= Brief =
Filter out all lines without the word "notin" from the data below, please, and copy the rest.

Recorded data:
=== Section Start ===
lemma eigenfamily_spans:
  assumes n: "1 \<le> n"
  shows "\<exists>a b.
    (\<forall>r<n. \<forall>c<n + 1.
      X r c = (\<Sum>p\<in>I1 n. a p * U1 n (fst p) (snd p) r c) + (\<Sum>p\<in>I0 n. b p * U0 n (fst p) (snd p) r c))
  \<and> (\<forall>r<n + 1. \<forall>c<n.
      Y r c = (\<Sum>p\<in>I1 n. a p * V1 n (fst p) (snd p) r c) + (\<Sum>p\<in>I0 n. b p * V0 n (fst p) (snd p) r c))"
proof -
  have n0: "0 < n" using n by simp
  obtain \<alpha> where \<alpha>:
      "\<forall>r<n. \<forall>c<n+1. X r c = (\<Sum>p\<in>{1..n} \<times> {0..n}. \<alpha> p * tensor (sbar n) (ctil n) p (r, c))"
    using sbar_ctil_basis_spans[OF n0] by blast
  obtain \<beta> where \<beta>:
      "\<forall>r<n+1. \<forall>c<n. Y r c = (\<Sum>p\<in>{0..n} \<times> {1..n}. \<beta> p * tensor (ctil n) (sbar n) p (r, c))"
    using ctil_sbar_basis_spans[OF n0] by blast
  obtain a b where a: "\<forall>p\<in>{1..n} \<times> {0..n}. U_coeff n a b p = \<alpha> p"
    and b: "\<forall>p\<in>{0..n} \<times> {1..n}. V_coeff n a b p = \<beta> p"
    using coeffs_surjective by blast
  have "X r c = (\<Sum>p\<in>{1..n} \<times> {0..n}. U_coeff n a b p * tensor (sbar n) (ctil n) p (r, c))"
    if "r < n" "c < n + 1" for r c
    using \<alpha> a that by (auto intro: sum.cong)
  moreover have "Y r c = (\<Sum>p\<in>{0..n} \<times> {1..n}. V_coeff n a b p * tensor (ctil n) (sbar n) p (r, c))"
    if "r < n + 1" "c < n" for r c
    using \<beta> b that by (auto intro: sum.cong)
  ultimately show ?thesis
    unfolding U_combination V_combination by blast
qed

theorem theorem5p1:
  fixes n :: nat
  assumes "n \<ge> 1"
  shows "card (I1 n) + card (I0 n) = 2 * n * (n + 1)
    \<and> (\<forall>(i, j) \<in> I1 n.
         is_eigensol n (lam1 n i j) (U1 n i j) (V1 n i j) \<and> div_free n (U1 n i j) (V1 n i j))
    \<and> (\<forall>(i, j) \<in> I0 n. is_eigensol n 0 (U0 n i j) (V0 n i j))
    \<and> (\<forall>a b :: nat \<times> nat \<Rightarrow> real.
         ((\<forall>r<n. \<forall>c<n + 1.
             (\<Sum>p\<in>I1 n. a p * U1 n (fst p) (snd p) r c)
           + (\<Sum>p\<in>I0 n. b p * U0 n (fst p) (snd p) r c) = 0)
        \<and> (\<forall>r<n + 1. \<forall>c<n.
             (\<Sum>p\<in>I1 n. a p * V1 n (fst p) (snd p) r c)
           + (\<Sum>p\<in>I0 n. b p * V0 n (fst p) (snd p) r c) = 0))
        \<longrightarrow> (\<forall>p\<in>I1 n. a p = 0) \<and> (\<forall>p\<in>I0 n. b p = 0))
    \<and> (\<forall>X Y :: nat \<Rightarrow> nat \<Rightarrow> real. \<exists>a b :: nat \<times> nat \<Rightarrow> real.
         (\<forall>r<n. \<forall>c<n + 1.
             X r c = (\<Sum>p\<in>I1 n. a p * U1 n (fst p) (snd p) r c)
                   + (\<Sum>p\<in>I0 n. b p * U0 n (fst p) (snd p) r c))
       \<and> (\<forall>r<n + 1. \<forall>c<n.
             Y r c = (\<Sum>p\<in>I1 n. a p * V1 n (fst p) (snd p) r c)
                   + (\<Sum>p\<in>I0 n. b p * V0 n (fst p) (snd p) r c)))"
proof -
  have card: "card (I1 n) + card (I0 n) = 2 * n * (n + 1)"
    by (simp add: I1_def I0_def card_cartesian_product algebra_simps)
  have "\<forall>(i, j) \<in> I1 n.
      is_eigensol n (lam1 n i j) (U1 n i j) (V1 n i j) \<and> div_free n (U1 n i j) (V1 n i j)"
    using divergence_free_eigensol[OF assms] by blast
  moreover have "\<forall>(i, j) \<in> I0 n. is_eigensol n 0 (U0 n i j) (V0 n i j)"
    using gradient_eigensol[OF assms] by blast
  ultimately show ?thesis
    using card eigenfamily_independent[OF assms] eigenfamily_spans[OF assms] by blast
qed

end
lemma arc_dist_increasing_bilipschitz:
  assumes h: "increasing_bilipschitz_on K {0..1} h" and "h 0 = 0" "h 1 = 1"
    and "s \<in> {0..1}" "t \<in> {0..1}"
  shows "arc_dist (h s) (h t) \<le> K * arc_dist s t" "arc_dist s t \<le> K * arc_dist (h s) (h t)"
proof -
  have "arc_dist (h s) (h t) \<le> K * arc_dist s t \<and> arc_dist s t \<le> K * arc_dist (h s) (h t)"
    if "s \<in> {0..1}" "t \<in> {0..1}" "s \<le> t" for s t
  proof -
    note bounds = increasing_bilipschitz_onD[OF h]
    have "K > 0"
      using increasing_bilipschitz_unit_interval_ge_1[OF h assms(2,3)] by simp
    then have "t - s \<le> K * (h t - h s)" "h t - h s \<le> K * (t - s)"
      "s \<le> K * h s" "h s \<le> K * s" "1 - t \<le> K * (1 - h t)" "1 - h t \<le> K * (1 - t)"
      using bounds[of s t] bounds[of 0 s] bounds[of t 1] that assms(2,3) by (simp_all add: field_simps)
    moreover have "0 \<le> K * (h t - h s)"
      using \<open>t - s \<le> K * (h t - h s)\<close> that(3) by linarith
    then have "h s \<le> h t"
      using \<open>K > 0\<close> by (simp add: zero_le_mult_iff)
    ultimately show ?thesis
      using that unfolding arc_dist_def by (auto simp: abs_if min_def right_diff_distrib)
  qed
  then show "arc_dist (h s) (h t) \<le> K * arc_dist s t" "arc_dist s t \<le> K * arc_dist (h s) (h t)"
    using assms(4,5) arc_dist_commute by (cases "s \<le> t"; fastforce)+
qed

lemma Arg2pi_cis:
  assumes "s \<in> {0..<1}"
  shows "Arg2pi (cis (2 * pi * s)) = 2 * pi * s"
  using assms by (intro Arg2pi_unique[of 1]) (auto simp: cis_conv_exp)

lemma circle_eq_cis_image: "circle = (\<lambda>s. cis (2 * pi * s)) ` {0..<1}"
proof
  show "circle \<subseteq> (\<lambda>s. cis (2 * pi * s)) ` {0..<1}"
  proof
    fix z assume "z \<in> circle"
    then have "z = cis (Arg2pi z)"
      using Arg2pi[of z] by (simp add: circle_def is_Arg_def cis_conv_exp dist_norm)
    moreover have "Arg2pi z / (2 * pi) \<in> {0..<1}"
      using Arg2pi[of z] by simp
    ultimately show "z \<in> (\<lambda>s. cis (2 * pi * s)) ` {0..<1}"
      by (intro image_eqI[of _ _ "Arg2pi z / (2 * pi)"]) auto
  qed
qed (auto simp: circle_def dist_norm)

lemma circle_eq_cis_image_closed: "circle = (\<lambda>s. cis (2 * pi * s)) ` {0..1}"
proof -
  have "cis (2 * pi * 1) \<in> (\<lambda>s. cis (2 * pi * s)) ` {0..<1}"
    by (rule image_eqI[of _ _ 0]) auto
  moreover have "{0..1} = insert 1 {0..<1::real}"
    by auto
  ultimately show ?thesis
    by (simp add: circle_eq_cis_image insert_absorb)
qed

definition circle_map :: "(real \<Rightarrow> real) \<Rightarrow> complex \<Rightarrow> complex" where
  "circle_map h z = cis (2 * pi * h (Arg2pi z / (2 * pi)))"
(* Let $x\ge 0$ and $y$ be integers with $M(x,y)\neq\emptyset$, and let $G_0$ be a minimal graph in $M(x,y)$. If $G_0$ is nonseparable, then (a) $|V(G_0)|=4f(G_0)-2x-1$; (b) $4f(G_0)-2x-1<R(f(G_0)-x+1,3)$.
   Context: All graphs are finite, simple and undirected; the empty graph (with no vertices) is allowed, with $\chi=\mathrm{cl}=0$. $\mathrm{cl}(G)$ is the clique number, $\chi(G)$ the chromatic number, and $f(G)=\chi(G)-\mathrm{cl}(G)$. For integers $x,y$, $M(x,y)=\{G: |V(G)|<\chi(G)+2f(G)-x \text{ and } f(G)\le y\}$. A graph $G_0$ in a nonempty set $\mathcal M$ of graphs is minimal in $\mathcal M$ if $|V(G_0)|=\min\{|V(G)|:G\in\mathcal M\}$. For vertex-disjoint graphs $G_1,G_2$, $G_1+G_2$ is the graph on $V(G_1)\cup V(G_2)$ whose edges are those of $G_1$, those of $G_2$, and all pairs $\{u,v\}$ with $u\in V(G_1)$, $v\in V(G_2)$ (the join). $G$ is separable if $G=G_1+G_2$ with $V(G_1)\neq\emptyset$ and $V(G_2)\neq\emptyset$; otherwise nonseparable. $R(p,3)$ is the least $n$ such that every graph on at least $n$ vertices has a $p$-clique or an independent set of size $3$. *)

theory Defs
  imports Main
begin

text \<open>Finite simple undirected graphs, with vertices drawn from nat
 (every finite graph is isomorphic to one of these).\<close>

type_synonym graph = "nat set \<times> nat set set"

definition V :: "graph \<Rightarrow> nat set" where "V G = fst G"
definition E :: "graph \<Rightarrow> nat set set" where "E G = snd G"

definition is_graph :: "graph \<Rightarrow> bool" where
  "is_graph G \<longleftrightarrow> finite (V G) \<and>
     (\<forall>e\<in>E G. \<exists>u v. e = {u, v} \<and> u \<noteq> v \<and> u \<in> V G \<and> v \<in> V G)"

definition is_clique :: "graph \<Rightarrow> nat set \<Rightarrow> bool" where
  "is_clique G K \<longleftrightarrow> K \<subseteq> V G \<and> (\<forall>u\<in>K. \<forall>v\<in>K. u \<noteq> v \<longrightarrow> {u, v} \<in> E G)"

definition is_indep :: "graph \<Rightarrow> nat set \<Rightarrow> bool" where
  "is_indep G I \<longleftrightarrow> I \<subseteq> V G \<and> (\<forall>u\<in>I. \<forall>v\<in>I. {u, v} \<notin> E G)"

definition cl :: "graph \<Rightarrow> nat" where
  "cl G = Max {card K | K. is_clique G K}"

definition chi :: "graph \<Rightarrow> nat" where
  "chi G = (LEAST k. \<exists>c :: nat \<Rightarrow> nat. c ` V G \<subseteq> {..<k} \<and>
              (\<forall>u\<in>V G. \<forall>v\<in>V G. {u, v} \<in> E G \<longrightarrow> c u \<noteq> c v))"

definition f :: "graph \<Rightarrow> int" where
  "f G = int (chi G) - int (cl G)"

definition M :: "int \<Rightarrow> int \<Rightarrow> graph set" where
  "M x y = {G. is_graph G \<and> int (card (V G)) < int (chi G) + 2 * f G - x \<and> f G \<le> y}"

definition minimal_in :: "graph set \<Rightarrow> graph \<Rightarrow> bool" where
  "minimal_in \<M> G0 \<longleftrightarrow> G0 \<in> \<M> \<and> card (V G0) = (LEAST n. \<exists>G\<in>\<M>. card (V G) = n)"

definition join :: "graph \<Rightarrow> graph \<Rightarrow> graph" where
  "join G1 G2 = (V G1 \<union> V G2,
                 E G1 \<union> E G2 \<union> {{u, v} | u v. u \<in> V G1 \<and> v \<in> V G2})"

definition separable :: "graph \<Rightarrow> bool" where
  "separable G \<longleftrightarrow> (\<exists>G1 G2. is_graph G1 \<and> is_graph G2 \<and> V G1 \<inter> V G2 = {} \<and>
      V G1 \<noteq> {} \<and> V G2 \<noteq> {} \<and> G = join G1 G2)"

definition ramsey3 :: "int \<Rightarrow> nat" where
  "ramsey3 p = (LEAST n. \<forall>G. is_graph G \<and> card (V G) \<ge> n \<longrightarrow>
      (\<exists>K. is_clique G K \<and> int (card K) = p) \<or> (\<exists>I. is_indep G I \<and> card I = 3))"

end

(*
  By minimality no proper induced subgraph
  lies in M(x,y); deleting a stable set changes chi and cl by at most one,
  so this forces:
    * alpha(G) <= 2, hence every colour class has at most two vertices;
    * G is vertex-critical: chi(G - v) < chi(G) for every vertex v;
    * |V(G)| = chi + 2 f - x - 1 (remove a colour class of size two).
  In an optimal colouring the number s of singleton classes satisfies
  s + |V(G)| = 2 chi, so s does not depend on the colouring.  Criticality
  gives s >= 1, and a Gallai-type exchange argument shows that s >= 2 would
  split G as a join; hence s = 1 and |V(G)| = 2 chi - 1.  Comparing the two
  expressions for |V(G)| yields chi = 2f - x and cl = f - x, which is part (a);
  part (b) follows since G has no (cl+1)-clique and no stable set of size 3.
*)
theory Submission
  imports Defs "HOL-Library.Ramsey"
begin

section \<open>Induced subgraphs\<close>

definition induced :: "graph \<Rightarrow> nat set \<Rightarrow> graph" where
  "induced G W = (W, {e \<in> E G. e \<subseteq> W})"

lemma V_induced [simp]: "V (induced G W) = W"
  by (simp add: induced_def V_def)

lemma E_induced [simp]: "E (induced G W) = {e \<in> E G. e \<subseteq> W}"
  by (simp add: induced_def E_def)

lemma finite_subset_V: "is_graph G \<Longrightarrow> W \<subseteq> V G \<Longrightarrow> finite W"
  unfolding is_graph_def by (auto intro: finite_subset)

lemma is_graph_induced:
  assumes g: "is_graph G" and W: "W \<subseteq> V G"
  shows "is_graph (induced G W)"
  unfolding is_graph_def
proof (intro conjI ballI)
  show "finite (V (induced G W))" using finite_subset_V[OF g W] by simp
next
  fix e assume e: "e \<in> E (induced G W)"
  then obtain u v where "e = {u,v}" "u \<noteq> v" using g unfolding is_graph_def by auto
  then show "\<exists>u v. e = {u, v} \<and> u \<noteq> v \<and> u \<in> V (induced G W) \<and> v \<in> V (induced G W)"
    using e by auto
qed

lemma induced_all: "is_graph G \<Longrightarrow> induced G (V G) = G"
  by (cases G) (auto simp: induced_def V_def E_def is_graph_def)

lemma no_loop: "is_graph G \<Longrightarrow> {u} \<notin> E G"
  unfolding is_graph_def by (metis doubleton_eq_iff insert_absorb2)

lemma is_clique_iff: "is_clique G K \<longleftrightarrow> K \<subseteq> V G \<and> clique K (E G)"
  unfolding is_clique_def clique_def by blast

lemma is_indep_iff:
  assumes "is_graph G"
  shows "is_indep G I \<longleftrightarrow> I \<subseteq> V G \<and> indep I (E G)"
  using no_loop[OF assms] unfolding is_indep_def indep_def by fastforce

section \<open>Colour partitions and the chromatic number\<close>

definition colour_partition :: "graph \<Rightarrow> nat set \<Rightarrow> nat set set \<Rightarrow> bool" where
  "colour_partition G W P \<longleftrightarrow> \<Union>P = W \<and> (\<forall>B\<in>P. B \<noteq> {} \<and> indep B (E G)) \<and>
     (\<forall>B\<in>P. \<forall>B'\<in>P. B \<noteq> B' \<longrightarrow> B \<inter> B' = {})"

lemma colour_partition_finite: "finite W \<Longrightarrow> colour_partition G W P \<Longrightarrow> finite P"
  unfolding colour_partition_def by (metis finite_UnionD)

lemma colour_partition_singletons: "colour_partition G W ((\<lambda>v. {v}) ` W)"
  unfolding colour_partition_def indep_def by auto

lemma colouring_of_partition:
  assumes g: "is_graph G" and fW: "finite W" and P: "colour_partition G W P"
  shows "\<exists>c::nat\<Rightarrow>nat. c ` W \<subseteq> {..<card P} \<and> (\<forall>u\<in>W. \<forall>v\<in>W. {u,v} \<in> E G \<longrightarrow> c u \<noteq> c v)"
proof -
  obtain h where h: "bij_betw h P {0..<card P}"
    using ex_bij_betw_finite_nat[OF colour_partition_finite[OF fW P]] by blast
  have un: "\<Union>P = W" and disj: "\<And>B B'. B \<in> P \<Longrightarrow> B' \<in> P \<Longrightarrow> B \<noteq> B' \<Longrightarrow> B \<inter> B' = {}"
    and indB: "\<And>B. B \<in> P \<Longrightarrow> indep B (E G)"
    using P unfolding colour_partition_def by auto
  define class_of where "class_of v = (THE B. B \<in> P \<and> v \<in> B)" for v
  have class_of: "class_of v \<in> P \<and> v \<in> class_of v" if "v \<in> W" for v
  proof -
    obtain B where B: "B \<in> P" "v \<in> B" using un \<open>v \<in> W\<close> by blast
    have "class_of v = B" unfolding class_of_def
      by (rule the_equality) (use B disj in blast)+
    then show ?thesis using B by simp
  qed
  show ?thesis
  proof (intro exI conjI ballI impI)
    have "h B < card P" if "B \<in> P" for B using bij_betwE[OF h] that by auto
    then show "(h \<circ> class_of) ` W \<subseteq> {..<card P}" using class_of by auto
  next
    fix u v assume uv: "u \<in> W" "v \<in> W" "{u,v} \<in> E G"
    have "u \<noteq> v" using uv no_loop[OF g] by auto
    show "(h \<circ> class_of) u \<noteq> (h \<circ> class_of) v"
    proof
      assume "(h \<circ> class_of) u = (h \<circ> class_of) v"
      then have "class_of u = class_of v"
        using inj_onD[OF bij_betw_imp_inj_on[OF h]] class_of uv by auto
      then have "u \<in> class_of u" "v \<in> class_of u" "class_of u \<in> P" using class_of uv by auto
      then show False using indB uv \<open>u \<noteq> v\<close> unfolding indep_def by blast
    qed
  qed
qed

lemma chi_induced_le_partition:
  assumes g: "is_graph G" and W: "W \<subseteq> V G" and P: "colour_partition G W P"
  shows "chi (induced G W) \<le> card P"
proof -
  obtain c :: "nat\<Rightarrow>nat" where "c ` W \<subseteq> {..<card P}"
    "\<forall>u\<in>W. \<forall>v\<in>W. {u,v} \<in> E G \<longrightarrow> c u \<noteq> c v"
    using colouring_of_partition[OF g finite_subset_V[OF g W] P] by blast
  then have "\<exists>c :: nat \<Rightarrow> nat. c ` V (induced G W) \<subseteq> {..<card P} \<and>
      (\<forall>u\<in>V (induced G W). \<forall>v\<in>V (induced G W). {u, v} \<in> E (induced G W) \<longrightarrow> c u \<noteq> c v)"
    by auto
  then show ?thesis unfolding chi_def by (rule Least_le)
qed

lemma chi_induced_le_card: "is_graph G \<Longrightarrow> W \<subseteq> V G \<Longrightarrow> chi (induced G W) \<le> card W"
  using chi_induced_le_partition[OF _ _ colour_partition_singletons] card_image[of "\<lambda>v. {v}" W]
  by (metis inj_singleton inj_on_subset subset_UNIV)

lemma chi_optimal_partition:
  assumes g: "is_graph G" and W: "W \<subseteq> V G"
  shows "\<exists>P. colour_partition G W P \<and> card P = chi (induced G W)"
proof -
  define k where "k = chi (induced G W)"
  let ?proper = "\<lambda>k. \<exists>c :: nat \<Rightarrow> nat. c ` V (induced G W) \<subseteq> {..<k} \<and>
      (\<forall>u\<in>V (induced G W). \<forall>v\<in>V (induced G W). {u, v} \<in> E (induced G W) \<longrightarrow> c u \<noteq> c v)"
  obtain c0 :: "nat \<Rightarrow> nat" where "c0 ` W \<subseteq> {..<card ((\<lambda>v. {v}) ` W)}"
    "\<forall>u\<in>W. \<forall>v\<in>W. {u,v} \<in> E G \<longrightarrow> c0 u \<noteq> c0 v"
    using colouring_of_partition[OF g finite_subset_V[OF g W] colour_partition_singletons] by blast
  then have "?proper (card ((\<lambda>v. {v}) ` W))" by auto
  then have "?proper k" unfolding k_def chi_def by (rule LeastI)
  then obtain c :: "nat\<Rightarrow>nat" where c: "c ` W \<subseteq> {..<k}"
     "\<forall>u\<in>W. \<forall>v\<in>W. {u, v} \<in> E G \<longrightarrow> c u \<noteq> c v"
    by auto
  define P where "P = (\<lambda>i. {v\<in>W. c v = i}) ` {..<k} - {{}}"
  have P: "colour_partition G W P"
    unfolding colour_partition_def indep_def
  proof (intro conjI ballI impI)
    show "\<Union>P = W"
    proof
      show "\<Union>P \<subseteq> W" unfolding P_def by blast
      show "W \<subseteq> \<Union>P"
      proof
        fix v assume v: "v \<in> W"
        then have "{w\<in>W. c w = c v} \<in> P" using c(1) unfolding P_def by blast
        then show "v \<in> \<Union>P" using v by blast
      qed
    qed
  next
    fix B assume "B \<in> P"
    then show "B \<noteq> {}" unfolding P_def by blast
  next
    fix B u v assume "B \<in> P" "u \<in> B" "v \<in> B" "u \<noteq> v"
    then obtain i where "B = {v\<in>W. c v = i}" unfolding P_def by blast
    then have "u \<in> W" "v \<in> W" "c u = c v" using \<open>u \<in> B\<close> \<open>v \<in> B\<close> by auto
    then show "{u, v} \<notin> E G" using c(2) by blast
  next
    fix B B' assume B: "B \<in> P" "B' \<in> P" "B \<noteq> B'"
    then obtain i j where "B = {v\<in>W. c v = i}" "B' = {v\<in>W. c v = j}" unfolding P_def by blast
    then show "B \<inter> B' = {}" using B(3) by (cases "i = j") auto
  qed
  have "card P \<le> card ((\<lambda>i. {v\<in>W. c v = i}) ` {..<k})" unfolding P_def by (rule card_Diff1_le)
  also have "\<dots> \<le> k" using card_image_le[of "{..<k}"] by simp
  finally have "card P \<le> k" .
  moreover have "k \<le> card P" using chi_induced_le_partition[OF g W P] k_def by simp
  ultimately show ?thesis using P k_def by (intro exI[of _ P]) auto
qed

lemma colour_partition_restrict:
  assumes P: "colour_partition G W' P" and W: "W \<subseteq> W'"
  shows "colour_partition G W ((\<lambda>B. B \<inter> W) ` P - {{}})"
  unfolding colour_partition_def
proof (intro conjI ballI impI)
  have "\<Union>((\<lambda>B. B \<inter> W) ` P - {{}}) = \<Union>P \<inter> W" by blast
  then show "\<Union>((\<lambda>B. B \<inter> W) ` P - {{}}) = W" using P W unfolding colour_partition_def by auto
next
  fix B assume "B \<in> (\<lambda>B. B \<inter> W) ` P - {{}}"
  then obtain C where "C \<in> P" "B = C \<inter> W" "B \<noteq> {}" by blast
  then show "B \<noteq> {}" "indep B (E G)" using P unfolding colour_partition_def indep_def by auto
next
  fix B B' assume "B \<in> (\<lambda>B. B \<inter> W) ` P - {{}}" "B' \<in> (\<lambda>B. B \<inter> W) ` P - {{}}" "B \<noteq> B'"
  then obtain C C' where "C \<in> P" "B = C \<inter> W" "C' \<in> P" "B' = C' \<inter> W" "C \<noteq> C'" by blast
  then show "B \<inter> B' = {}" using P unfolding colour_partition_def by blast
qed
=== Section End ===
= Solution to this exercise =
  "is_indep G I \<longleftrightarrow> I \<subseteq> V G \<and> (\<forall>u\<in>I. \<forall>v\<in>I. {u, v} \<notin> E G)"
lemma no_loop: "is_graph G \<Longrightarrow> {u} \<notin> E G"
    then show "{u, v} \<notin> E G" using c(2) by blast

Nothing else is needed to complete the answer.